Many of us absolutely love things that taste sweet, but do we really know how much sugar we should actually be eating in a day? With obesity, weight problems and many overall health struggles consistently on the rise, could it be that our obsession with sugary treats is actually shortening our lives or reducing our quality of life.

To start, the majority of us don’t actually know how much sugar we’re eating in a day, let alone how much we should be having. There are many reasons for this, ranging from a limitation in the nutrition labels on our foods to a lack of overall interest in the subject by most people. However, this doesn’t make the topic any less important.

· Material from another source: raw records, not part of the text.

text \<open>Part (b): a closed multiplicative set with \<open>x = (xy)y\<inverse>\<close> and \<open>y = x\<inverse>(xy)\<close>.\<close>

lemma closed_multiplicative_no_embedding:
  assumes pn: "perfectly_normal_space X" and sq: "sequential_space X"
    and K: "K_configuration X \<kappa> k0" and V: "fan_configuration X \<nu> y0"
    and G: "topological_group G mul e iv" and M: "closedin G M" "multiplicative_subset mul M"
    and hm: "homeomorphic_maps X (subtopology G M) F F'"
  shows False
proof (rule closed_cancellative_no_embedding[OF pn sq K V hm M(1)])
  show "continuous_map (prod_topology G G) G (\<lambda>z. mul (fst z) (snd z))"
    "continuous_map (prod_topology G G) G (\<lambda>z. mul (fst z) (iv (snd z)))"
    "continuous_map (prod_topology G G) G (\<lambda>z. mul (iv (snd z)) (fst z))"
    by (intro topological_group_continuous_mul[OF G] topological_group_continuous_inverse[OF G]
        continuous_map_fst continuous_map_snd)+
  show "(\<lambda>z. mul (fst z) (snd z)) (x, y) \<in> M" if "x \<in> topspace G \<inter> M" "y \<in> topspace G \<inter> M" for x y
    using M(2) that by (simp add: multiplicative_subset_def)
qed (simp_all add: topological_group_algebra[OF G])

text \<open>Part (c): the set need not be closed, but \<open>y0\<close> goes to the identity.  Recovering the first
  argument then produces the limit \<open>F z e\<inverse> = F z\<close>, which lies in the image; the second argument
  is recovered only after the transported left translation \<open>\<psi>\<close> by \<open>k0\<close>, with limit \<open>F z\<close> again,
  and \<open>\<psi>\<close> reflects convergence to \<open>y0\<close> because \<open>F (\<psi> y0) = F k0\<close>.\<close>

lemma multiplicative_identity_no_embedding:
  assumes pn: "perfectly_normal_space X" and sq: "sequential_space X"
    and K: "K_configuration X \<kappa> k0" and V: "fan_configuration X \<nu> y0"
    and G: "topological_group G mul e iv" and M: "multiplicative_subset mul M"
    and hm: "homeomorphic_maps X (subtopology G M) F F'" and Fy0: "F y0 = e"
  shows False
proof -
  note H = homeomorphic_maps_subtopologyD[OF hm]
  note alg = topological_group_algebra[OF G]
  note lim_mul = topological_group_limit_mul[OF G] and lim_iv = topological_group_limit_inverse[OF G]
  have k0: "k0 \<in> topspace X" and y0: "y0 \<in> topspace X"
    using K V by (simp_all add: K_configuration_def fan_configuration_def)
  have Fk0: "F k0 \<in> topspace G" and iv_Fk0: "iv (F k0) \<in> topspace G"
    using H(1)[OF k0] G by (auto simp: topological_group_def)
  have mul: "continuous_map (prod_topology G G) G (\<lambda>z. mul (fst z) (snd z))"
    by (intro topological_group_continuous_mul[OF G] continuous_map_fst continuous_map_snd)
  have mul_M: "(\<lambda>z. mul (fst z) (snd z)) (x, y) \<in> M" if "x \<in> topspace G \<inter> M" "y \<in> topspace G \<inter> M" for x y
    using M that by (simp add: multiplicative_subset_def)
  define st where "st = (\<lambda>z. F' (mul (F (fst z)) (F (snd z))))"
  have st: "continuous_map (prod_topology X X) X st"
    "\<And>x y. x \<in> topspace X \<Longrightarrow> y \<in> topspace X \<Longrightarrow> F (st (x, y)) = mul (F x) (F y)"
    using transported_operation[OF hm mul mul_M] by (simp_all add: st_def)
  \<comment> \<open>Left translation by \<open>k0\<close>, transported to \<open>X\<close>; it moves \<open>y0\<close> to \<open>k0\<close>.\<close>
  define \<psi> where "\<psi> x = st (k0, x)" for x
  have \<psi>: "continuous_map X X \<psi>"
    unfolding \<psi>_def using continuous_map_compose[OF continuous_map_pairedI[OF
        continuous_map_const[THEN iffD2] continuous_map_id] st(1)] k0 by (simp add: o_def id_def)
  have F\<psi>: "F (\<psi> x) = mul (F k0) (F x)" if "x \<in> topspace X" for x
    using st(2)[OF k0 that] by (simp add: \<psi>_def)
  have \<psi>X: "\<psi> x \<in> topspace X" if "x \<in> topspace X" for x
    using continuous_map_image_subset_topspace[OF \<psi>] that by blast
  note reflect = homeomorphic_maps_limit_reflect_point[OF hm]
  show False
  proof (rule no_cancellative_operation[OF pn sq K V st(1) \<psi>])
    fix Fi :: "nat filter" and a b z
    assume a: "\<And>j. a j \<in> topspace X" and b: "\<And>j. b j \<in> topspace X"
      and lim_st: "limitin X (\<lambda>j. st (a j, b j)) z Fi" and lim_b: "limitin X b y0 Fi"
    have z: "z \<in> topspace X" using lim_st by (rule limitin_topspace)
    have "limitin G (\<lambda>j. mul (F (st (a j, b j))) (iv (F (b j)))) (mul (F z) (iv (F y0))) Fi"
      using lim_mul[OF continuous_map_limit[OF H(4) lim_st]
          lim_iv[OF continuous_map_limit[OF H(4) lim_b]]] by (simp add: o_def)
    moreover have "mul (F (st (a j, b j))) (iv (F (b j))) = F (a j)" for j
      using st(2)[OF a b] alg(1) H(1)[OF a] H(1)[OF b] by simp
    moreover have "mul (F z) (iv (F y0)) = F z"
      using Fy0 alg(4,5) H(1)[OF z] by simp
    ultimately have "limitin G (\<lambda>j. F (a j)) (F z) Fi" by simp
    then show "\<exists>w. limitin X a w Fi"
      using reflect[of a, OF a z] by blast
  next
    fix a b z
    assume a: "\<And>j. a j \<in> topspace X" and b: "\<And>j. b j \<in> topspace X"
      and lim_st: "limitin X (\<lambda>j. st (a j, b j)) z sequentially"
      and lim_a: "limitin X a k0 sequentially"
    have z: "z \<in> topspace X" using lim_st by (rule limitin_topspace)
    have "limitin G (\<lambda>j. mul (F k0) (mul (iv (F (a j))) (F (st (a j, b j)))))
            (mul (F k0) (mul (iv (F k0)) (F z))) sequentially"
      using lim_mul[OF Abstract_Limits.limitin_const_iff[THEN iffD2, OF Fk0]
          lim_mul[OF lim_iv[OF continuous_map_limit[OF H(4) lim_a]]
            continuous_map_limit[OF H(4) lim_st]]] by (simp add: o_def)
    moreover have "mul (F k0) (mul (iv (F (a j))) (F (st (a j, b j)))) = F (\<psi> (b j))" for j
      using st(2)[OF a b] alg(2) F\<psi>[OF b] H(1)[OF a] H(1)[OF b] by simp
    moreover have "mul (F k0) (mul (iv (F k0)) (F z)) = F z"
      using alg(3) Fk0 H(1)[OF z] by simp
    ultimately have "limitin G (\<lambda>j. F (\<psi> (b j))) (F z) sequentially" by simp
    then show "\<exists>w. limitin X (\<lambda>j. \<psi> (b j)) w sequentially"
      using reflect[of "\<lambda>j. \<psi> (b j)", OF \<psi>X[OF b] z] by blast
  next
    fix x
    assume x: "\<And>j. x j \<in> topspace X" and lim_\<psi>: "limitin X (\<lambda>j. \<psi> (x j)) (\<psi> y0) sequentially"
    have "limitin G (\<lambda>j. mul (iv (F k0)) (F (\<psi> (x j)))) (mul (iv (F k0)) (F (\<psi> y0))) sequentially"
      using lim_mul[OF Abstract_Limits.limitin_const_iff[THEN iffD2, OF iv_Fk0] continuous_map_limit[OF H(4) lim_\<psi>]]
      by (simp add: o_def)
    moreover have "mul (iv (F k0)) (F (\<psi> (x j))) = F (x j)" for j
      using F\<psi>[OF x] alg(2) Fk0 H(1)[OF x] by simp
    moreover have "mul (iv (F k0)) (F (\<psi> y0)) = F y0"
      using F\<psi>[OF y0] alg(2) Fk0 H(1)[OF y0] by simp
    ultimately have "limitin G (\<lambda>j. F (x j)) (F y0) sequentially" by simp
    then show "limitin X x y0 sequentially"
      using reflect[of x, OF x y0] by blast
  qed
qed

lemma K_configuration_closed_embedding:
  assumes K: "K_configuration Y \<kappa> k0" and C: "closedin X C"
    and hm: "homeomorphic_maps Y (subtopology X C) g g'"
  shows "K_configuration X (\<lambda>n m. g (\<kappa> n m)) (g k0)"
proof -
  note H = homeomorphic_maps_subtopologyD[OF hm]
  have k0: "k0 \<in> topspace Y" and \<kappa>: "\<And>n m. \<kappa> n m \<in> topspace Y"
    and K_nbhd: "\<And>U. openin Y U \<Longrightarrow> k0 \<in> U \<Longrightarrow> \<exists>N. \<forall>n\<ge>N. \<forall>m. \<kappa> n m \<in> U"
    and K_rows: "\<And>n (F :: nat filter) mm z. F \<noteq> bot \<Longrightarrow> filterlim mm at_top F \<Longrightarrow>
                   \<not> limitin Y (\<lambda>j. \<kappa> n (mm j)) z F"
    using K by (auto simp: K_configuration_def)
  have nbhd: "\<exists>N. \<forall>n\<ge>N. \<forall>m. g (\<kappa> n m) \<in> U" if "openin X U" "g k0 \<in> U" for U
  proof -
    have "openin Y {y \<in> topspace Y. g y \<in> U}"
      by (rule openin_continuous_map_preimage[OF H(4) that(1)])
    then show ?thesis
      using K_nbhd[of "{y \<in> topspace Y. g y \<in> U}"] k0 that(2) by auto
  qed
  have rows: "\<not> limitin X (\<lambda>j. g (\<kappa> n (mm j))) z F"
    if F: "F \<noteq> bot" and mm: "filterlim mm at_top F" for n and F :: "nat filter" and mm z
  proof
    assume lim: "limitin X (\<lambda>j. g (\<kappa> n (mm j))) z F"
    have "z \<in> C"
      by (rule limitin_closedin[OF lim C always_eventually F]) (use H(1) \<kappa> in blast)
    then have "limitin Y (\<lambda>j. \<kappa> n (mm j)) (g' z) F"
      by (rule homeomorphic_maps_limit_reflect[OF hm \<kappa> _ lim])
    then show False using K_rows[OF F mm] by blast
  qed
  show ?thesis
    unfolding K_configuration_def
  proof (intro conjI allI impI)
    show "g k0 \<in> topspace X" "g (\<kappa> n m) \<in> topspace X" for n m
      using H(1) k0 \<kappa> by blast+
  qed (use nbhd rows in blast)+
qed
(* Let $A\in\mathbb R^{d\times d}$ and $V\in\mathbb R^{k\times d}$ be nonzero matrices, $n\in\mathbb N$, and let $f^m$ be masked self-attention with parameters $(A,V)$. Let $\mathcal E^m_A\subset\overline B(0,1)^n$ be the set of sequences $(x_1,\dots,x_n)$ such that for every $i\in\{1,\dots,n\}$ the maximum $\max_{1\le j\le i}x_i^\top A^\top x_j$ is attained at a unique index $j$. Then the complement of $\mathcal E^m_A$ in $\overline B(0,1)^n$ has zero Lebesgue measure, and for every $X\in\mathcal E^m_A$ there exists $\theta:[0,+\infty)\to[0,+\infty)$ with $\theta(R)\to1$ exponentially fast as $R\to+\infty$ such that, for all $R\ge0$, $$\|D_{RX}f^m\|_2\le\theta(R)\|V\|_2\sqrt n.$$
   Context: Masked self-attention: for $X=(x_1,\dots,x_n)\in(\mathbb R^d)^n$, $f^m(X)_i=V\sum_{j=1}^iP_{ij}x_j$ with $P_{ij}=\exp(x_i^\top A^\top x_j)/\sum_{l=1}^i\exp(x_i^\top A^\top x_l)$ for $j\le i$. $\overline B(0,1)$ is the closed unit ball of $\mathbb R^d$; $RX=(Rx_1,\dots,Rx_n)$. $D_Xf^m$ is the differential at $X$, and $\|D_Xf^m\|_2$ its operator norm with respect to the Frobenius norms $\|X\|_F=(\sum_i|x_i|^2)^{1/2}$; $\|V\|_2$ is the spectral norm. *)

theory Defs
  imports "HOL-Analysis.Analysis"
begin

text \<open>Sequences X = (x_1,...,x_n) of vectors in R^d are elements of real^'d^'n,
  where the index type 'n is a finite linearly ordered type (order-isomorphic to {1..n},
  n = CARD('n)). The norm on real^'d^'n is the Frobenius norm.\<close>

definition attn_score :: "real^'d^'d \<Rightarrow> real^'d^'n \<Rightarrow> 'n \<Rightarrow> 'n \<Rightarrow> real" where
  "attn_score A X i j = (A *v (X $ i)) \<bullet> (X $ j)"  (* = x_i^T A^T x_j *)

definition masked_P :: "real^'d^'d \<Rightarrow> real^'d^('n::{finite,linorder}) \<Rightarrow> 'n \<Rightarrow> 'n \<Rightarrow> real" where
  "masked_P A X i j =
     exp (attn_score A X i j) / (\<Sum>l\<in>{l. l \<le> i}. exp (attn_score A X i l))"

definition masked_attention ::
  "real^'d^'d \<Rightarrow> real^'d^'k \<Rightarrow> real^'d^('n::{finite,linorder}) \<Rightarrow> real^'k^('n::{finite,linorder})" where
  "masked_attention A V X = (\<chi> i. V *v (\<Sum>j\<in>{j. j \<le> i}. masked_P A X i j *\<^sub>R (X $ j)))"

definition spectral_norm :: "real^'a^'b \<Rightarrow> real" where
  "spectral_norm M = onorm (\<lambda>x. M *v x)"

definition unit_ball_seq :: "(real^'d^'n) set" where
  "unit_ball_seq = {X. \<forall>i. X $ i \<in> cball 0 1}"

definition E_masked :: "real^'d^'d \<Rightarrow> (real^'d^('n::{finite,linorder})) set" where
  "E_masked A = {X \<in> unit_ball_seq.
     \<forall>i. \<exists>!j. j \<le> i \<and> (\<forall>l. l \<le> i \<longrightarrow> attn_score A X i l \<le> attn_score A X i j)}"

end

theory Submission imports Defs begin

text \<open>Scaling the input by \<open>R\<close> multiplies all attention scores by \<open>R\<^sup>2\<close>. If every row of
  scores of \<open>X\<close> has a unique maximum, with gap \<open>g > 0\<close> to the other entries, then at \<open>R X\<close>
  each softmax row is concentrated on its argmax: every product \<open>P\<^sub>i\<^sub>j P\<^sub>i\<^sub>l\<close> with \<open>j \<noteq> l\<close> is at most
  \<open>exp (-g R\<^sup>2)\<close>. The derivative of masked attention is \<open>V\<close> applied to a convex combination of
  the perturbation tokens, plus terms carrying such products with a factor \<open>O(R\<^sup>2)\<close>; hence its
  norm is at most \<open>(1 + O(R\<^sup>2 exp (-g R\<^sup>2))) \<parallel>V\<parallel> \<surd>n\<close>.
  Sequences with a tie \<open>x\<^sub>i\<^sup>T A\<^sup>T x\<^sub>j = x\<^sub>i\<^sup>T A\<^sup>T x\<^sub>l\<close> form a null set: outside a hyperplane the tie
  set is starlike, since the score difference is quadratic along suitable rays.\<close>

section \<open>Derivative of masked attention\<close>

lemma bounded_linear_axis: "bounded_linear (axis i :: 'a::real_normed_vector \<Rightarrow> 'a^'n)"
proof
  show "axis i (x + y) = axis i x + axis i y" for x y :: 'a
    by (simp add: axis_def vec_eq_iff)
  show "axis i (r *\<^sub>R x) = r *\<^sub>R axis i x" for r and x :: 'a
    by (simp add: axis_def vec_eq_iff)
  show "\<exists>K. \<forall>x. norm (axis i x :: 'a^'n) \<le> norm x * K"
  proof (intro exI allI)
    fix x :: 'a
    have "norm (axis i x :: 'a^'n) \<le> (\<Sum>k\<in>UNIV. norm ((axis i x :: 'a^'n)$k))"
      unfolding norm_vec_def by (rule L2_set_le_sum) simp
    also have "\<dots> = norm x" by (simp add: axis_def if_distrib cong: if_cong)
    finally show "norm (axis i x :: 'a^'n) \<le> norm x * 1" by simp
  qed
qed

lemma has_derivative_vec_lambda:
  fixes f :: "'i::finite \<Rightarrow> 'a::real_normed_vector \<Rightarrow> 'b::real_normed_vector"
  assumes "\<And>i. (f i has_derivative f' i) F"
  shows "((\<lambda>x. \<chi> i. f i x) has_derivative (\<lambda>h. \<chi> i. f' i h)) F"
proof -
  have sum_axis: "(\<chi> i. v i) = (\<Sum>i\<in>UNIV. axis i (v i))" for v :: "'i \<Rightarrow> 'b"
    by (simp add: vec_eq_iff axis_def if_distrib)
  show ?thesis
    unfolding sum_axis
    by (intro has_derivative_sum bounded_linear.has_derivative[OF bounded_linear_axis] assms)
qed

lemma norm_vec_le_sqrt_card:
  fixes x :: "'a::real_normed_vector^'n"
  assumes "\<And>i. norm (x$i) \<le> b"
  shows "norm x \<le> sqrt (real CARD('n)) * b"
proof -
  have "0 \<le> b" using assms[of undefined] norm_ge_zero order_trans by blast
  moreover have "norm x \<le> L2_set (\<lambda>i. b) (UNIV :: 'n set)"
    unfolding norm_vec_def by (rule L2_Norm.L2_set_mono) (use assms in auto)
  ultimately show ?thesis by (simp add: L2_set_constant)
qed

lemma spectral_norm_nonneg: "0 \<le> spectral_norm M"
  unfolding spectral_norm_def by (rule onorm_pos_le) simp

lemma norm_matrix_vector_le: "norm (M *v x) \<le> spectral_norm M * norm x"
  unfolding spectral_norm_def by (rule onorm[OF matrix_vector_mul_bounded_linear])

definition score_deriv :: "real^'d^'d \<Rightarrow> real^'d^'n \<Rightarrow> 'n \<Rightarrow> 'n \<Rightarrow> real^'d^'n \<Rightarrow> real" where
  "score_deriv A Y i j H = (A *v H$i) \<bullet> Y$j + (A *v Y$i) \<bullet> H$j"

definition masked_P_deriv ::
  "real^'d^'d \<Rightarrow> real^'d^('n::{finite,linorder}) \<Rightarrow> 'n \<Rightarrow> 'n \<Rightarrow> real^'d^('n::{finite,linorder}) \<Rightarrow> real" where
  "masked_P_deriv A Y i j H =
     masked_P A Y i j * (score_deriv A Y i j H - (\<Sum>l\<in>{l. l \<le> i}. masked_P A Y i l * score_deriv A Y i l H))"

definition masked_attention_deriv ::
  "real^'d^'d \<Rightarrow> real^'d^'k \<Rightarrow> real^'d^('n::{finite,linorder}) \<Rightarrow> real^'d^('n::{finite,linorder}) \<Rightarrow> real^'k^('n::{finite,linorder})" where
  "masked_attention_deriv A V Y H =
     (\<chi> i. V *v (\<Sum>j\<in>{j. j \<le> i}. masked_P_deriv A Y i j H *\<^sub>R Y$j + masked_P A Y i j *\<^sub>R H$j))"

lemma has_derivative_attn_score:
  "((\<lambda>X. attn_score A X i j) has_derivative score_deriv A Y i j) (at Y)"
proof -
  have nth: "((\<lambda>X. X$k) has_derivative (\<lambda>H. H$k)) (at Y)" for k
    by (rule bounded_linear_imp_has_derivative[OF bounded_linear_vec_nth])
  have "((\<lambda>X. A *v X$i) has_derivative (\<lambda>H. A *v H$i)) (at Y)"
    by (rule bounded_linear.has_derivative[OF matrix_vector_mul_bounded_linear nth])
  from has_derivative_inner[OF this nth[of j]] show ?thesis
    by (simp add: attn_score_def score_deriv_def[abs_def] add.commute)
qed

lemma sum_exp_attn_score_pos:
  fixes Y :: "real^'d^('n::{finite,linorder})"
  shows "0 < (\<Sum>l\<in>{l. l \<le> i}. exp (attn_score A Y i l))"
  by (rule sum_pos) auto

lemma has_derivative_masked_P:
  fixes Y :: "real^'d^('n::{finite,linorder})"
  shows "((\<lambda>X. masked_P A X i j) has_derivative masked_P_deriv A Y i j) (at Y)"
proof -
  define S where "S = (\<Sum>l\<in>{l. l \<le> i}. exp (attn_score A Y i l))"
  have "S > 0" unfolding S_def by (rule sum_exp_attn_score_pos)
  have exp: "((\<lambda>X. exp (attn_score A X i l)) has_derivative
      (\<lambda>H. score_deriv A Y i l H * exp (attn_score A Y i l))) (at Y)" for l
    by (rule has_derivative_exp[OF has_derivative_attn_score])
  have "((\<lambda>X. exp (attn_score A X i j) / (\<Sum>l\<in>{l. l \<le> i}. exp (attn_score A X i l))) has_derivative
      (\<lambda>H. - exp (attn_score A Y i j) * (inverse S * (\<Sum>l\<in>{l. l \<le> i}. score_deriv A Y i l H * exp (attn_score A Y i l)) * inverse S)
        + score_deriv A Y i j H * exp (attn_score A Y i j) / S)) (at Y)"
    unfolding S_def by (intro has_derivative_divide exp has_derivative_sum) (use \<open>S > 0\<close> S_def in auto)
  moreover have "(\<lambda>H. - exp (attn_score A Y i j) * (inverse S * (\<Sum>l\<in>{l. l \<le> i}. score_deriv A Y i l H * exp (attn_score A Y i l)) * inverse S)
        + score_deriv A Y i j H * exp (attn_score A Y i j) / S) = masked_P_deriv A Y i j"
    using \<open>S > 0\<close>
    by (auto simp: fun_eq_iff masked_P_deriv_def masked_P_def S_def[symmetric] field_simps
        sum_distrib_left sum_divide_distrib[symmetric] mult.commute sum_negf)
  ultimately show ?thesis by (simp add: masked_P_def[abs_def])
qed

lemma has_derivative_masked_attention:
  "(masked_attention A V has_derivative masked_attention_deriv A V Y) (at Y)"
proof -
  have "((\<lambda>X. masked_P A X i j *\<^sub>R X$j) has_derivative
      (\<lambda>H. masked_P_deriv A Y i j H *\<^sub>R Y$j + masked_P A Y i j *\<^sub>R H$j)) (at Y)" for i j
    using has_derivative_scaleR[OF has_derivative_masked_P
        bounded_linear_imp_has_derivative[OF bounded_linear_vec_nth]]
    by (simp add: add.commute)
  then show ?thesis
    unfolding masked_attention_def[abs_def] masked_attention_deriv_def[abs_def]
    by (intro has_derivative_vec_lambda has_derivative_sum
        bounded_linear.has_derivative[OF matrix_vector_mul_bounded_linear])
qed

section \<open>Bounding the derivative at scaled inputs\<close>

lemma masked_P_nonneg: "0 \<le> masked_P A Y i j"
  unfolding masked_P_def by (intro divide_nonneg_nonneg) (auto intro: sum_nonneg)

lemma sum_masked_P:
  fixes Y :: "real^'d^('n::{finite,linorder})"
  shows "(\<Sum>l\<in>{l. l \<le> i}. masked_P A Y i l) = 1"
  using sum_exp_attn_score_pos[of A Y i] unfolding masked_P_def sum_divide_distrib[symmetric] by simp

Knowing how much sugar is the right amount begins with an understanding of what it does when we consume it. Overall sugars provide very usable energy for the body, which is great for staying energized and just making sure that we can go about our day and count on the fact that our required body functions will continue to occur. However, there is a vital distinction that needs to be made before stating how much is too little and how much is too much. That distinction is between natural sugars and added sugars.

Natural sugars are those that occur within healthful foods such as vegetables and fruits. Eating these foods comes with a balance of vital micronutrients as well as fiber and water. Because of that, this sweetness is a great part of a healthful diet that tastes great.

On the other hand, added sugars are the sweeteners – natural or otherwise – that are (as the name suggests) added to foods. This can include anything from the standard table sugar (also known as sucrose) to the infamous high fructose corn syrup (HFCS) that has been receiving a lot of negative attention from the medical community and the media due to its contribution to weight management struggles and other health challenges. Unlike naturally occurring sugars, those that are added are not adequately balanced with the right nutrition and fiber levels in order to ensure that they are a healthful contribution to your diet.

Instead, they can contribute to a higher risk of weight gain and other conditions such as type 2 diabetes.

In conclusion, because of the differences in the two types of sugars, the actual amount that a person can safely eat within a day varies from one individual to the next. According to the American Health Association, when it comes to added sugars, the maximum amount that should be consumed within a 24 hour period is: 37.5 grams (9 teaspoons) for men and 25 grams (6 teaspoons) for women.